View: Cloud computing is bad for security
The problem is the application we need. When we write generic applications to cater to the tastes of different small and medium-sized enterprises, we introduce the Achilles ' heel of cloud security. Easy to place, building secure applications for cloud computing is as difficult as building security applications anywhere. Sadly, the fact that cloud providers either don't know or is lying.
The problem is that cloud providers are a brain-coded solution to the troubled application security. We all know that security is a property, not something. Well, we all know that except for the cloud supplier.

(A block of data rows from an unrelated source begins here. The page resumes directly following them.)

definition misfit :: "real^'p^'p \<Rightarrow> real^'l^'l \<Rightarrow> real^'n^'l \<Rightarrow> real^'l \<Rightarrow> real^'n \<Rightarrow> real^'p \<Rightarrow> real"
  where "misfit Q1 Q2 H y x f = (Q1 *v f) \<bullet> f + (Q2 *v (y - H *v x)) \<bullet> (y - H *v x)"

definition weighted_inner ::
  "real^'p^'p \<Rightarrow> real^'l^'l \<Rightarrow> real^'n^'l \<Rightarrow> (real^'p) \<times> (real^'n) \<Rightarrow> (real^'p) \<times> (real^'n) \<Rightarrow> real"
  where "weighted_inner Q1 Q2 H u v = (Q1 *v fst u) \<bullet> fst v + (Q2 *v (H *v snd u)) \<bullet> (H *v snd v)"

lemma matrix_vector_dual_noise: "B *v dual_noise Q1 B v = (B ** matrix_inv Q1 ** transpose B) *v v"
  by (simp add: dual_noise_def matrix_vector_mul_assoc matrix_mul_assoc del: transpose_matrix_vector)

lemma adm_set_eq_misfit:
  "adm_set F B H Q1 Q2 y = {x. \<exists>f. F *v x = B *v f \<and> misfit Q1 Q2 H y x f \<le> 1}"
  unfolding adm_set_def unc_set_def misfit_def by auto

lemma bilinear_weighted_inner: "bilinear (weighted_inner Q1 Q2 H)"
  unfolding bilinear_def weighted_inner_def
  by (auto intro!: linearI simp: matrix_vector_right_distrib matrix_vector_mult_scaleR
      inner_add_left inner_add_right distrib_left simp del: transpose_matrix_vector)

context
  fixes F :: "real^'n^'m" and B :: "real^'p^'m" and H :: "real^'n^'l"
    and Q1 :: "real^'p^'p" and Q2 :: "real^'l^'l"
  assumes Q1: "sym_pos_def Q1" and Q2: "sym_pos_def Q2"
begin
text \<open>A case check over the order of the three blocks, the signs \<open>e1, e2, e3\<close> and the
crossing; the sign conditions are what makes the passages moving into and out of the chord
cancel.\<close>

lemma idx_R3_crossing:
  assumes dist: "distinct (A @ P1 @ B @ P2 @ C @ P3 @ D)"
    and xyz: "x \<noteq> y" "x \<noteq> z" "y \<noteq> z"
    and es: "e1 \<in> {1, -1}" "e2 \<in> {1, -1}" "e3 \<in> {1, -1}"
    and blocks: "mset [P1, P2, P3] = mset [r3_top e1 x y, r3_mid e2 x z, r3_bot e3 y z]"
    and signs: "s x = e1 * e2 * \<omega>" "s y = e1 * e3 * \<omega>" "s z = e2 * e3 * \<omega>"
    and c: "c \<in> {x, y, z}"
  shows "idx (A @ rev P1 @ B @ rev P2 @ C @ rev P3 @ D) s c = idx (A @ P1 @ B @ P2 @ C @ P3 @ D) s c"
proof -
  define W where "W = A @ P1 @ B @ P2 @ C @ P3 @ D"
  define V where "V = A @ rev P1 @ B @ rev P2 @ C @ rev P3 @ D"
  note passages = r3_passages[OF blocks]
  have disjoint: "set L \<inter> (set P1 \<union> set P2 \<union> set P3) = {}" if "L \<in> {A, B, C, D}" for L
    using dist that by auto
  have outside: "\<forall>e\<in>set L. fst e \<noteq> k" if "L \<in> {A, B, C, D}" "k \<in> {x, y, z}" for L k
  proof (intro ballI notI)
    fix e assume "e \<in> set L" "fst e = k"
    moreover from \<open>fst e = k\<close> have "e = (k, True) \<or> e = (k, False)" by (rule passage_cases)
    ultimately show False using that passages disjoint[OF that(1)] by auto
  qed
  have "\<forall>e\<in>set A. fst e \<noteq> x" "\<forall>e\<in>set A. fst e \<noteq> y" "\<forall>e\<in>set A. fst e \<noteq> z"
    and "\<forall>e\<in>set B. fst e \<noteq> x" "\<forall>e\<in>set B. fst e \<noteq> y" "\<forall>e\<in>set B. fst e \<noteq> z"
    and "\<forall>e\<in>set C. fst e \<noteq> x" "\<forall>e\<in>set C. fst e \<noteq> y" "\<forall>e\<in>set C. fst e \<noteq> z"
    and "\<forall>e\<in>set D. fst e \<noteq> x" "\<forall>e\<in>set D. fst e \<noteq> y" "\<forall>e\<in>set D. fst e \<noteq> z"
    using outside by auto
  note outside = this
  have "distinct W" "distinct V" "set V = set W" using dist unfolding W_def V_def by auto
  moreover have "(c, True) \<in> set W" "(c, False) \<in> set W" using c passages unfolding W_def by auto
  moreover have "passage_sum s (chord_interior V c) = passage_sum s (chord_interior W c)"
  proof -
    have "[P1, P2, P3] = [r3_top e1 x y, r3_mid e2 x z, r3_bot e3 y z]
      \<or> [P1, P2, P3] = [r3_top e1 x y, r3_bot e3 y z, r3_mid e2 x z]
      \<or> [P1, P2, P3] = [r3_mid e2 x z, r3_top e1 x y, r3_bot e3 y z]
      \<or> [P1, P2, P3] = [r3_mid e2 x z, r3_bot e3 y z, r3_top e1 x y]
      \<or> [P1, P2, P3] = [r3_bot e3 y z, r3_top e1 x y, r3_mid e2 x z]
      \<or> [P1, P2, P3] = [r3_bot e3 y z, r3_mid e2 x z, r3_top e1 x y]"
      using mset_eq_three_cases[OF blocks] by simp
    moreover have "e1 = 1 \<or> e1 = -1" "e2 = 1 \<or> e2 = -1" "e3 = 1 \<or> e3 = -1" "c = x \<or> c = y \<or> c = z"
      using es c by auto
    ultimately show ?thesis
      unfolding V_def W_def
      by (elim disjE; simp add: chord_interior_def dropWhile_append takeWhile_append
            r3_top_def r3_mid_def r3_bot_def passage_sign_def xyz xyz[symmetric] outside signs)
  qed
  ultimately show ?thesis
    unfolding V_def[symmetric] W_def[symmetric] by (simp add: idx_eq_chord_interior)
qed

lemma pt_R3:
  assumes wf: "wf_gd (A @ P1 @ B @ P2 @ C @ P3 @ D) s"
    and xyz: "x \<noteq> y" "x \<noteq> z" "y \<noteq> z"
    and es: "e1 \<in> {1, -1}" "e2 \<in> {1, -1}" "e3 \<in> {1, -1}"
    and blocks: "mset [P1, P2, P3] = mset [r3_top e1 x y, r3_mid e2 x z, r3_bot e3 y z]"
    and signs: "s x = e1 * e2 * \<omega>" "s y = e1 * e3 * \<omega>" "s z = e2 * e3 * \<omega>"
  shows "pt (A @ rev P1 @ B @ rev P2 @ C @ rev P3 @ D, s) = pt (A @ P1 @ B @ P2 @ C @ P3 @ D, s)"
proof (rule pt_extend[where N = "{}"])
  let ?W = "A @ P1 @ B @ P2 @ C @ P3 @ D" and ?V = "A @ rev P1 @ B @ rev P2 @ C @ rev P3 @ D"
  have dist: "distinct ?W" by (rule wf_gd_distinct[OF wf])
  fix k assume k: "k \<in> labels ?W"
  have "idx ?V s k = idx ?W s k"
  proof (cases "k \<in> {x, y, z}")
    case True
    then show ?thesis by (rule idx_R3_crossing[OF dist xyz es blocks signs])
  next
    case False
    then have "(k, b) \<notin> set P1 \<union> set P2 \<union> set P3" for b
      using r3_passages[OF blocks] by auto
    then have outside: "(k, b) \<in> set ?W \<Longrightarrow> (k, b) \<in> set (A @ B @ C @ D)" for b
      by auto
    note passages = outside[OF wf_gd_passages(1)[OF wf k]] outside[OF wf_gd_passages(2)[OF wf k]]
    have "idx (A @ rev P1 @ (B @ rev P2 @ C @ rev P3 @ D)) s k
        = idx (A @ P1 @ (B @ rev P2 @ C @ rev P3 @ D)) s k"
      by (rule idx_replace_block) (use dist passages in auto)
    also have "\<dots> = idx ((A @ P1 @ B) @ rev P2 @ (C @ rev P3 @ D)) s k" by simp
    also have "\<dots> = idx ((A @ P1 @ B) @ P2 @ (C @ rev P3 @ D)) s k"
      by (rule idx_replace_block) (use dist passages in auto)
    also have "\<dots> = idx ((A @ P1 @ B @ P2 @ C) @ rev P3 @ D) s k" by simp
    also have "\<dots> = idx ((A @ P1 @ B @ P2 @ C) @ P3 @ D) s k"
      by (rule idx_replace_block) (use dist passages in auto)
    finally show ?thesis by simp
  qed
  then show "s k = s k \<and> \<bar>idx ?V s k\<bar> = \<bar>idx ?W s k\<bar>" by simp
qed auto

lemma gd_move_pt: "gd_move D D' \<Longrightarrow> pt D' = pt D"
proof (induction rule: gd_move.induct)
  case (rotate u v s)
  then show ?case by (rule pt_rotate)
next
  case (relabel w s f s')
  then show ?case by (rule pt_relabel)
next
  case (R1 u v s c e b)
  from R1.hyps(1,2) show ?case by (rule pt_R1)
next
  case (R2 u v x s c d e Q)
  from R2.hyps(1-4,6) show ?case by (rule pt_R2)
next
  case (R3 A P1 B P2 C P3 D s x y z e1 e2 e3 \<omega>)
  from R3.hyps(1-7,9-12) show ?case by (rule pt_R3)
qed

lemma gd_equiv_pt: "gd_equiv D D' \<Longrightarrow> pt D' = pt D"
  unfolding gd_equiv_def
  by (induction rule: rtranclp_induct) (auto elim!: symclpE dest: gd_move_pt)

lemma is_invariant_pt: "is_invariant pt"
  unfolding is_invariant_def by (metis gd_equiv_pt)

subsection \<open>Degree one\<close>

lemma alternating_sum_Pow_eq_0:
  fixes G :: "'b set \<Rightarrow> 'a::ab_group_add"
  assumes fin: "finite A" and e: "e \<in> A" and G: "\<And>T. G (insert e T) = G T"
  shows "(\<Sum>S\<in>Pow A. if even (card S) then G S else - G S) = 0"
proof -
  define f where "f S = (if even (card S) then G S else - G S)" for S
  define A' where "A' = A - {e}"
  have A: "A = insert e A'" and e': "e \<notin> A'" and fin': "finite A'"
    using e fin unfolding A'_def by auto
  have inj: "inj_on (insert e) (Pow A')"
  proof (rule inj_onI)
    fix X Y assume "X \<in> Pow A'" "Y \<in> Pow A'" "insert e X = insert e Y"
    then show "X = Y" using e' insert_ident[of e X Y] by blast
  qed
  have flip: "f (insert e T) = - f T" if "T \<in> Pow A'" for T
  proof -
    have "finite T" "e \<notin> T" using that fin' e' finite_subset by auto
    then show ?thesis unfolding f_def G by simp
  qed
  have "Pow A = Pow A' \<union> insert e ` Pow A'" "Pow A' \<inter> insert e ` Pow A' = {}"
    unfolding A Pow_insert using e' by auto
  then have "(\<Sum>S\<in>Pow A. f S) = (\<Sum>S\<in>Pow A'. f S) + (\<Sum>S\<in>insert e ` Pow A'. f S)"
    using fin' by (simp add: sum.union_disjoint)
  also have "\<dots> = (\<Sum>S\<in>Pow A'. f S) + (\<Sum>T\<in>Pow A'. f (insert e T))"
    by (simp add: sum.reindex[OF inj])
  also have "\<dots> = 0"
    by (simp add: flip sum_negf)
  finally show ?thesis unfolding f_def .
qed
lemma srw_pow_stat_pi:
  assumes tree: "is_tree V E" and r: "r \<in> V" and v: "v \<in> V"
  shows "(\<Sum>y\<in>V. stat_pi V E r y * srw_pow V E r m y v) = stat_pi V E r v"
  using v
proof (induction m arbitrary: v)
  case 0
  then show ?case using tree by (simp add: is_tree_def if_distrib sum.If_cases)
next
  case (Suc m)
  have "(\<Sum>y\<in>V. stat_pi V E r y * srw_pow V E r (Suc m) y v)
      = (\<Sum>y\<in>V. \<Sum>z\<in>V. stat_pi V E r y * srw_pow V E r m y z * srw V E r z v)"
    by (simp add: sum_distrib_left mult.assoc)
  also have "\<dots> = (\<Sum>z\<in>V. (\<Sum>y\<in>V. stat_pi V E r y * srw_pow V E r m y z) * srw V E r z v)"
    by (subst sum.swap) (simp add: sum_distrib_right)
  also have "\<dots> = stat_pi V E r v"
    using Suc.IH srw_stat_pi[OF tree r Suc.prems] by simp
  finally show ?case .
qed

section \<open>Averaging over an independent random time\<close>

lemma pred_in_vimage_family:
  assumes "Measurable.pred K P" and "\<And>\<omega>. \<omega> \<in> space M \<Longrightarrow> f \<omega> \<in> space K"
  shows "{\<omega> \<in> space M. P (f \<omega>)} \<in> {f -` B \<inter> space M | B. B \<in> sets K}"
proof -
  have "{\<omega> \<in> space M. P (f \<omega>)} = f -` {x \<in> space K. P x} \<inter> space M"
    using assms(2) by auto
  moreover have "{x \<in> space K. P x} \<in> sets K"
    using assms(1) by measurable
  ultimately show ?thesis by blast
qed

Cloud providers still believe in magical encryption schemes. This security method does not make the application more secure, when we use encryption when we are in a link between hosts, or when we add data while resting. Continue to blindly believe that the result of the encryption method is insanity.
The good news is that great strides have been made in software security. The bad news is that we may outsource security to cloud providers, but there is no indication that we can do the same for application security.
My bottom line is:
What is the bottom line for building cloud applications? Get some professional help. It's true. No matter what you do, don't trust the Magic encryption scheme that cloud vendors peddle, which can magically solve all your problems.
Stopping cloud computing is like letting the world go back to the mainframe era, which is futile (well, don't wait ...). That's not what I meant to say! )。 Cloud computing is cheap, and renting operators is really a great solution. The calculation cycle and storage are basically free, so why buy these things again?
So when your company uses cloud computing (not if, but when), don't forget how difficult software security is. Don't buy cloud vendor nonsense about the so-called magic encryption technology! Really thinking about how to properly handle software security on cloud computing is just like the machine that used to manage the execution of your code.